Alex Danchev’s insights into Cézanne’s life include the assertion that the artist’s wife (above in “Madame Cézanne in a Red Armchair”) has been unfairly maligned by other biographers.

In 1888, a Paris critic viewed Paul Cézanne’s paintings and gave the kind of exasperated, unhinged verdict that radically new art tends to inspire. Cézanne’s houses “tilted to one side as if drunk” and his landscapes were “whipped into a fever of botched colors, shrieking in relief, on canvas so loaded it sags!” He finally decided that the artist — still some decades from being considered the father of modern art — must have “diseased retinas.”

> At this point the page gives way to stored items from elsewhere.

(* Let $p$ be an odd prime and let $(G,H,T)$ be the envelope of a right conjugacy closed loop of order $2p$. Let $K$ be a subgroup with $H\lneq K\lneq G$, $|G:K|=2$ and $|K:H|=p$, and put $K_1=\langle T\cap K\rangle$, $H_1=H\cap K_1$. Assume $H\ne1$ and $[s,K_1]=1$ for all $s\in T\setminus K$. Then $H_1=1$, $K_1\le Z(G)$, and $G\cong C_p\wr C_2$.
   Context: For a finite loop $\mathcal{L}$ with identity $e$: $G=\langle R_a\mid a\in\mathcal L\rangle$ with $R_a\colon x\mapsto xa$, $H$ the stabilizer of $e$ in $G$, $T=\{R_a\}$; $(G,H,T)$ is the envelope; the loop is right conjugacy closed if $T$ is a union of conjugacy classes of $G$. *)

theory Defs
  imports "HOL-Algebra.Algebra"
begin

definition loop :: "'a set \<Rightarrow> ('a \<Rightarrow> 'a \<Rightarrow> 'a) \<Rightarrow> 'a \<Rightarrow> bool" where
  "loop L m e \<longleftrightarrow> e \<in> L \<and> (\<forall>x\<in>L. \<forall>y\<in>L. m x y \<in> L)
     \<and> (\<forall>x\<in>L. m e x = x \<and> m x e = x)
     \<and> (\<forall>a\<in>L. \<forall>b\<in>L. \<exists>!x. x \<in> L \<and> m a x = b)
     \<and> (\<forall>a\<in>L. \<forall>b\<in>L. \<exists>!y. y \<in> L \<and> m y a = b)"

definition rmult :: "'a set \<Rightarrow> ('a \<Rightarrow> 'a \<Rightarrow> 'a) \<Rightarrow> 'a \<Rightarrow> ('a \<Rightarrow> 'a)" where
  "rmult L m a = (\<lambda>x\<in>L. m x a)"

definition rmults :: "'a set \<Rightarrow> ('a \<Rightarrow> 'a \<Rightarrow> 'a) \<Rightarrow> ('a \<Rightarrow> 'a) set" where
  "rmults L m = rmult L m ` L"

definition rmlt_group :: "'a set \<Rightarrow> ('a \<Rightarrow> 'a \<Rightarrow> 'a) \<Rightarrow> ('a \<Rightarrow> 'a) monoid" where
  "rmlt_group L m = (BijGroup L)\<lparr>carrier := generate (BijGroup L) (rmults L m)\<rparr>"

definition env_stab :: "'a set \<Rightarrow> ('a \<Rightarrow> 'a \<Rightarrow> 'a) \<Rightarrow> 'a \<Rightarrow> ('a \<Rightarrow> 'a) set" where
  "env_stab L m e = {g \<in> carrier (rmlt_group L m). g e = e}"

definition rcc_loop :: "'a set \<Rightarrow> ('a \<Rightarrow> 'a \<Rightarrow> 'a) \<Rightarrow> 'a \<Rightarrow> bool" where
  "rcc_loop L m e \<longleftrightarrow> loop L m e \<and>
     (\<forall>g\<in>carrier (rmlt_group L m). \<forall>t\<in>rmults L m.
        g \<otimes>\<^bsub>rmlt_group L m\<^esub> t \<otimes>\<^bsub>rmlt_group L m\<^esub> inv\<^bsub>rmlt_group L m\<^esub> g \<in> rmults L m)"

definition group_center :: "('g, 'b) monoid_scheme \<Rightarrow> 'g set" where
  "group_center G = {z \<in> carrier G. \<forall>g\<in>carrier G. z \<otimes>\<^bsub>G\<^esub> g = g \<otimes>\<^bsub>G\<^esub> z}"

text \<open>The wreath product C_p wr C_2 = (C_p x C_p) semidirect C_2, C_2 swapping the coordinates:
  (v,s)(w,t) = (v + s.w, s+t).\<close>
definition wreath_mult :: "nat \<Rightarrow> (nat \<times> nat) \<times> bool \<Rightarrow> (nat \<times> nat) \<times> bool \<Rightarrow> (nat \<times> nat) \<times> bool" where
  "wreath_mult p x y =
     (let w = (if snd x then prod.swap (fst y) else fst y)
      in (((fst (fst x) + fst w) mod p, (snd (fst x) + snd w) mod p), snd x \<noteq> snd y))"

definition wreath_Cp_C2 :: "nat \<Rightarrow> ((nat \<times> nat) \<times> bool) monoid" where
  "wreath_Cp_C2 p =
     \<lparr>carrier = ({0..<p} \<times> {0..<p}) \<times> (UNIV :: bool set),
      monoid.mult = wreath_mult p,
      one = ((0, 0), False)\<rparr>"

end

(*
  The K-orbit B of e is a block of size p for G, with complement L - B.  An element of
  K1 = <R_a | a in B> fixing e commutes with every R_x, x outside B, and every point of B is
  R_y (R_b e) with b, y outside B; so K1 acts semiregularly, |K1| = |B| = p, and K1 is cyclic.
  Hence K1 commutes with all of T, i.e. it is central.  With t a generator of K1 and b outside B,
  the points of L are t^i e and t^i b (i < p), and g in G is determined by whether it swaps the
  two blocks and by the rotations it induces on them.  This is an injective homomorphism into
  C_p wr C_2; it is onto because a nontrivial element of H fixes e and rotates the block of b.
*)
theory Submission
  imports Defs
begin

lemma exists_mult_mod_eq:
  fixes p d c :: nat
  assumes "Factorial_Ring.prime p" and "\<not> p dvd d"
  shows "\<exists>j. j * d mod p = c mod p"
proof -
  have "coprime d p"
    using prime_imp_coprime[OF assms] by (simp add: coprime_commute)
  hence "gcd d p = 1" by simp
  moreover have "d \<noteq> 0" using assms(2) by (intro notI) simp
  ultimately obtain x y where xy: "d * x = p * y + 1"
    using bezout_nat[of d p] by auto
  have "c * x * d = c * (d * x)" by (simp only: ac_simps)
  also have "\<dots> = c + p * (c * y)" unfolding xy by (simp add: algebra_simps)
  finally have "c * x * d mod p = c mod p" by simp
  thus ?thesis by blast
qed

lemma card_image_eq_if_same_fibres:
  assumes fibres: "\<And>x y. x \<in> A \<Longrightarrow> y \<in> A \<Longrightarrow> f x = f y \<longleftrightarrow> g x = g y"
  shows "card (f ` A) = card (g ` A)"
proof -
  define h where "h = g \<circ> inv_into A f"
  have h: "h (f x) = g x" if "x \<in> A" for x
  proof -
    have "inv_into A f (f x) \<in> A" "f (inv_into A f (f x)) = f x"
      using that by (auto intro: inv_into_into f_inv_into_f)
    thus ?thesis using fibres that unfolding h_def by simp
  qed
  have "inj_on h (f ` A)"
    by (rule inj_onI) (auto simp: h fibres)
  moreover have "h ` f ` A = g ` A"
    using h by (simp add: image_image cong: image_cong)
  ultimately show ?thesis by (metis card_image)
qed

lemma group_center_commutes: "z \<in> group_center G \<Longrightarrow> g \<in> carrier G \<Longrightarrow> z \<otimes>\<^bsub>G\<^esub> g = g \<otimes>\<^bsub>G\<^esub> z"
  by (simp add: group_center_def)

lemma (in group) center_if_commutes_with_generators:
  assumes gen: "carrier G = generate G S" and S: "S \<subseteq> carrier G" and z: "z \<in> carrier G"
    and comm: "\<And>s. s \<in> S \<Longrightarrow> s \<otimes> z = z \<otimes> s"
  shows "z \<in> group_center G"
proof -
  let ?C = "{g \<in> carrier G. g \<otimes> z = z \<otimes> g}"
  have "subgroup ?C G"
  proof (rule subgroupI)
    show "?C \<subseteq> carrier G" by blast
    have "\<one> \<in> ?C" using z by simp
    thus "?C \<noteq> {}" by blast
  next
    fix g assume "g \<in> ?C"
    hence g: "g \<in> carrier G" "g \<otimes> z = z \<otimes> g" by auto
    have "inv g \<otimes> z = inv g \<otimes> (z \<otimes> g) \<otimes> inv g" using g(1) z by (simp add: m_assoc)
    also have "\<dots> = inv g \<otimes> (g \<otimes> z) \<otimes> inv g" using g(2) by simp
    also have "\<dots> = z \<otimes> inv g" using g(1) z by (simp add: m_assoc[symmetric])
    finally show "inv g \<in> ?C" using g by simp
  next
    fix g h assume "g \<in> ?C" "h \<in> ?C"
    hence g: "g \<in> carrier G" "g \<otimes> z = z \<otimes> g" and h: "h \<in> carrier G" "h \<otimes> z = z \<otimes> h"
      by auto
    have "g \<otimes> h \<otimes> z = g \<otimes> (z \<otimes> h)" using g h z by (simp add: m_assoc)
    also have "\<dots> = z \<otimes> (g \<otimes> h)" using g h z by (simp add: m_assoc[symmetric])
    finally show "g \<otimes> h \<in> ?C" using g h by simp
  qed
  moreover have "S \<subseteq> ?C" using S comm by blast
  ultimately have "carrier G \<subseteq> ?C" unfolding gen by (rule generate_subgroup_incl[rotated])
  thus ?thesis using z unfolding group_center_def by auto
qed

lemma (in group) generate_eq_subgroup_of_prime_card:
  assumes S: "subgroup S G" and p: "Factorial_Ring.prime (card S)" and t: "t \<in> S" "t \<noteq> \<one>"
  shows "generate G {t} = S"
proof -
  have "finite S"
  proof (rule ccontr)
    assume "infinite S"
    with p show False by simp
  qed
  have tG: "t \<in> carrier G" using S t(1) subgroup.subset by blast
  have sub: "generate G {t} \<subseteq> S" using generate_subgroup_incl S t(1) by blast
  have "subgroup (generate G {t}) (G\<lparr>carrier := S\<rparr>)"
    using subgroup_incl[OF generate_is_subgroup S sub] tG by blast
  hence "card (rcosets\<^bsub>G\<lparr>carrier := S\<rparr>\<^esub> generate G {t}) * card (generate G {t}) = card S"
    using group.lagrange[OF subgroup.subgroup_is_group[OF S is_group]] by (simp add: order_def)
  hence "card S = card (generate G {t}) * card (rcosets\<^bsub>G\<lparr>carrier := S\<rparr>\<^esub> generate G {t})"
    by (simp add: mult.commute)
  hence "card (generate G {t}) dvd card S" by (rule dvdI)
  moreover have "card (generate G {t}) \<noteq> 1"
  proof
    assume "card (generate G {t}) = 1"
    then obtain x where "generate G {t} = {x}" by (rule card_1_singletonE)
    moreover have "t \<in> generate G {t}" "\<one> \<in> generate G {t}"
      by (auto intro: generate.incl generate.one)
    ultimately show False using t(2) by auto
  qed
  ultimately have "card (generate G {t}) = card S" using p unfolding prime_nat_iff by blast
  thus ?thesis using card_subset_eq[OF \<open>finite S\<close> sub] by blast
qed

lemma (in group) subgroup_mult_left_iff:
  assumes "subgroup K G" "k \<in> K" "g \<in> carrier G"
  shows "k \<otimes> g \<in> K \<longleftrightarrow> g \<in> K"
proof
  assume "k \<otimes> g \<in> K"
  hence "inv k \<otimes> (k \<otimes> g) \<in> K"
    using subgroup.m_closed[OF assms(1) subgroup.m_inv_closed[OF assms(1,2)]] by blast
  moreover have "inv k \<otimes> (k \<otimes> g) = g"
    using assms(3) subgroup.mem_carrier[OF assms(1,2)] by (simp add: m_assoc[symmetric])
  ultimately show "g \<in> K" by simp
qed (use assms in \<open>simp add: subgroup.m_closed\<close>)

lemma (in group) subgroup_mult_right_iff:
  assumes "subgroup K G" "k \<in> K" "g \<in> carrier G"
  shows "g \<otimes> k \<in> K \<longleftrightarrow> g \<in> K"
proof
  assume "g \<otimes> k \<in> K"
  hence "g \<otimes> k \<otimes> inv k \<in> K"
    using subgroup.m_closed[OF assms(1) _ subgroup.m_inv_closed[OF assms(1,2)]] by blast
  moreover have "g \<otimes> k \<otimes> inv k = g"
    using assms(3) subgroup.mem_carrier[OF assms(1,2)] by (simp add: m_assoc)
  ultimately show "g \<in> K" by simp
qed (use assms in \<open>simp add: subgroup.m_closed\<close>)

section \<open>The wreath product C_p wr C_2 acting on two copies of Z_p\<close>

definition wreath_act :: "nat \<Rightarrow> (nat \<times> nat) \<times> bool \<Rightarrow> nat \<times> bool \<Rightarrow> nat \<times> bool" where
  "wreath_act p w c =
     (let s = (snd w \<noteq> snd c) in ((fst c + (if s then snd (fst w) else fst (fst w))) mod p, s))"

lemma carrier_wreath: "carrier (wreath_Cp_C2 p) = ({..<p} \<times> {..<p}) \<times> UNIV"
  by (auto simp: wreath_Cp_C2_def)

lemma mult_wreath: "x \<otimes>\<^bsub>wreath_Cp_C2 p\<^esub> y = wreath_mult p x y"
  by (simp add: wreath_Cp_C2_def)

lemma wreath_mult_closed:
  "0 < p \<Longrightarrow> wreath_mult p w w' \<in> carrier (wreath_Cp_C2 p)"
  by (simp add: carrier_wreath wreath_mult_def Let_def)

lemma wreath_act_closed: "0 < p \<Longrightarrow> wreath_act p w c \<in> {..<p} \<times> UNIV"
  by (simp add: wreath_act_def Let_def)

This learned and engaging biography by Alex Danchev, a University of Nottingham professor who also wrote a well-regarded life of Georges Braque, shows how Cézanne, with those amazing retinas, changed not just the way people see but the way we think about perception and the possibilities of art. His riveting portraits and still lifes made even Manet look a bit conventional in comparison. With his short, deliberate brush strokes and dazzling feel for color and volume, he found a way to make the inanimate come alive. “Cézanne made a living thing out of a teacup,” the abstract pioneer Kandinsky wrote.

For most of his career, Cézanne was an artist’s artist. The first wave of Impressionists revered, imitated, and collected him. Monet owned 14 Cézannes, Degas seven, and Gauguin used to carry one of his six Cézannes to a restaurant to expound on its wonders to friends. Cézanne didn’t sell a painting to someone other than a friend or patron until he was 35, and his first solo show came when he was 56, in 1895.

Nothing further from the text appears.